» Given data:
(* Let $Q=\prod_{n\in\mathbb{Z}}[0,1]$ with the metric $D(\hat t,\hat s)=\sum_{n\in\mathbb{Z}}|t_n-s_n|/2^{|n|}$ and let $\sigma:Q\to Q$ be the shift map. Let $a=(\dots,0,0,0,\dots)$ and, for $n\in\mathbb{Z}$ and $p\in\{1,2,\dots\}$, let $b^p_n\in Q$ be the sequence whose $n$-th coordinate is $1/p$ and all other coordinates are $0$. Let $S_Q=\{a\}\cup\{b^p_n: n\in\mathbb{Z},\ p\ge 1\}$ (a closed $\sigma$-invariant subset) and $\sigma_{S_Q}=\sigma|_{S_Q}$. Then $h(\sigma_{S_Q})=0$ but $h(2^{\sigma_{S_Q}})=\infty$.
   Context: $2^{S_Q}$ is the hyperspace of nonempty closed subsets of $S_Q$ with the Hausdorff metric and $2^{\sigma_{S_Q}}(A)=\sigma(A)$. $h$ denotes topological entropy. *)

theory Defs
  imports "HOL-Analysis.Analysis"
begin

definition bowen_dist :: "('a \<Rightarrow> 'a \<Rightarrow> real) \<Rightarrow> ('a \<Rightarrow> 'a) \<Rightarrow> nat \<Rightarrow> 'a \<Rightarrow> 'a \<Rightarrow> real" where
  "bowen_dist d f n x y = Max ((\<lambda>k. d ((f ^^ k) x) ((f ^^ k) y)) ` {..<n})"

definition separated_set ::
  "'a set \<Rightarrow> ('a \<Rightarrow> 'a \<Rightarrow> real) \<Rightarrow> ('a \<Rightarrow> 'a) \<Rightarrow> nat \<Rightarrow> real \<Rightarrow> 'a set \<Rightarrow> bool" where
  "separated_set X d f n \<epsilon> E \<longleftrightarrow> E \<subseteq> X \<and>
     (\<forall>x\<in>E. \<forall>y\<in>E. x \<noteq> y \<longrightarrow> bowen_dist d f n x y > \<epsilon>)"

definition sep_growth ::
  "'a set \<Rightarrow> ('a \<Rightarrow> 'a \<Rightarrow> real) \<Rightarrow> ('a \<Rightarrow> 'a) \<Rightarrow> real \<Rightarrow> nat \<Rightarrow> ereal" where
  "sep_growth X d f \<epsilon> n =
     (SUP E\<in>{E. finite E \<and> separated_set X d f n \<epsilon> E}. ereal (ln (real (card E)) / real n))"

text \<open>Bowen's topological entropy h(f) = lim_{\<epsilon>\<rightarrow>0} limsup_n (1/n) log s(n,\<epsilon>);
  the limit is monotone in \<epsilon>, hence equals the supremum over \<epsilon> > 0.\<close>
definition top_entropy :: "'a set \<Rightarrow> ('a \<Rightarrow> 'a \<Rightarrow> real) \<Rightarrow> ('a \<Rightarrow> 'a) \<Rightarrow> ereal" where
  "top_entropy X d f =
     (SUP \<epsilon>\<in>{0<..}. limsup (\<lambda>n. sep_growth X d f \<epsilon> (Suc n)))"

definition metric_closed_in :: "('a \<Rightarrow> 'a \<Rightarrow> real) \<Rightarrow> 'a set \<Rightarrow> 'a set \<Rightarrow> bool" where
  "metric_closed_in d X A \<longleftrightarrow> A \<subseteq> X \<and>
     (\<forall>x\<in>X. (\<forall>e>0. \<exists>y\<in>A. d x y < e) \<longrightarrow> x \<in> A)"

definition hyperspace :: "('a \<Rightarrow> 'a \<Rightarrow> real) \<Rightarrow> 'a set \<Rightarrow> 'a set set" where
  "hyperspace d X = {A. A \<noteq> {} \<and> metric_closed_in d X A}"

definition hausdorff_metric :: "('a \<Rightarrow> 'a \<Rightarrow> real) \<Rightarrow> 'a set \<Rightarrow> 'a set \<Rightarrow> real" where
  "hausdorff_metric d A B =
     max (SUP a\<in>A. INF b\<in>B. d a b) (SUP b\<in>B. INF a\<in>A. d a b)"

definition Q :: "(int \<Rightarrow> real) set" where
  "Q = {t. \<forall>n. 0 \<le> t n \<and> t n \<le> 1}"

» Problem statement: Nothing in the records should change when you repeat them all.

» Response for this exercise:
(* Let $Q=\prod_{n\in\mathbb{Z}}[0,1]$ with the metric $D(\hat t,\hat s)=\sum_{n\in\mathbb{Z}}|t_n-s_n|/2^{|n|}$ and let $\sigma:Q\to Q$ be the shift map. Let $a=(\dots,0,0,0,\dots)$ and, for $n\in\mathbb{Z}$ and $p\in\{1,2,\dots\}$, let $b^p_n\in Q$ be the sequence whose $n$-th coordinate is $1/p$ and all other coordinates are $0$. Let $S_Q=\{a\}\cup\{b^p_n: n\in\mathbb{Z},\ p\ge 1\}$ (a closed $\sigma$-invariant subset) and $\sigma_{S_Q}=\sigma|_{S_Q}$. Then $h(\sigma_{S_Q})=0$ but $h(2^{\sigma_{S_Q}})=\infty$.
   Context: $2^{S_Q}$ is the hyperspace of nonempty closed subsets of $S_Q$ with the Hausdorff metric and $2^{\sigma_{S_Q}}(A)=\sigma(A)$. $h$ denotes topological entropy. *)

theory Defs
  imports "HOL-Analysis.Analysis"
begin

definition bowen_dist :: "('a \<Rightarrow> 'a \<Rightarrow> real) \<Rightarrow> ('a \<Rightarrow> 'a) \<Rightarrow> nat \<Rightarrow> 'a \<Rightarrow> 'a \<Rightarrow> real" where
  "bowen_dist d f n x y = Max ((\<lambda>k. d ((f ^^ k) x) ((f ^^ k) y)) ` {..<n})"

definition separated_set ::
  "'a set \<Rightarrow> ('a \<Rightarrow> 'a \<Rightarrow> real) \<Rightarrow> ('a \<Rightarrow> 'a) \<Rightarrow> nat \<Rightarrow> real \<Rightarrow> 'a set \<Rightarrow> bool" where
  "separated_set X d f n \<epsilon> E \<longleftrightarrow> E \<subseteq> X \<and>
     (\<forall>x\<in>E. \<forall>y\<in>E. x \<noteq> y \<longrightarrow> bowen_dist d f n x y > \<epsilon>)"

definition sep_growth ::
  "'a set \<Rightarrow> ('a \<Rightarrow> 'a \<Rightarrow> real) \<Rightarrow> ('a \<Rightarrow> 'a) \<Rightarrow> real \<Rightarrow> nat \<Rightarrow> ereal" where
  "sep_growth X d f \<epsilon> n =
     (SUP E\<in>{E. finite E \<and> separated_set X d f n \<epsilon> E}. ereal (ln (real (card E)) / real n))"

text \<open>Bowen's topological entropy h(f) = lim_{\<epsilon>\<rightarrow>0} limsup_n (1/n) log s(n,\<epsilon>);
  the limit is monotone in \<epsilon>, hence equals the supremum over \<epsilon> > 0.\<close>
definition top_entropy :: "'a set \<Rightarrow> ('a \<Rightarrow> 'a \<Rightarrow> real) \<Rightarrow> ('a \<Rightarrow> 'a) \<Rightarrow> ereal" where
  "top_entropy X d f =
     (SUP \<epsilon>\<in>{0<..}. limsup (\<lambda>n. sep_growth X d f \<epsilon> (Suc n)))"

definition metric_closed_in :: "('a \<Rightarrow> 'a \<Rightarrow> real) \<Rightarrow> 'a set \<Rightarrow> 'a set \<Rightarrow> bool" where
  "metric_closed_in d X A \<longleftrightarrow> A \<subseteq> X \<and>
     (\<forall>x\<in>X. (\<forall>e>0. \<exists>y\<in>A. d x y < e) \<longrightarrow> x \<in> A)"

definition hyperspace :: "('a \<Rightarrow> 'a \<Rightarrow> real) \<Rightarrow> 'a set \<Rightarrow> 'a set set" where
  "hyperspace d X = {A. A \<noteq> {} \<and> metric_closed_in d X A}"

definition hausdorff_metric :: "('a \<Rightarrow> 'a \<Rightarrow> real) \<Rightarrow> 'a set \<Rightarrow> 'a set \<Rightarrow> real" where
  "hausdorff_metric d A B =
     max (SUP a\<in>A. INF b\<in>B. d a b) (SUP b\<in>B. INF a\<in>A. d a b)"

definition Q :: "(int \<Rightarrow> real) set" where
  "Q = {t. \<forall>n. 0 \<le> t n \<and> t n \<le> 1}"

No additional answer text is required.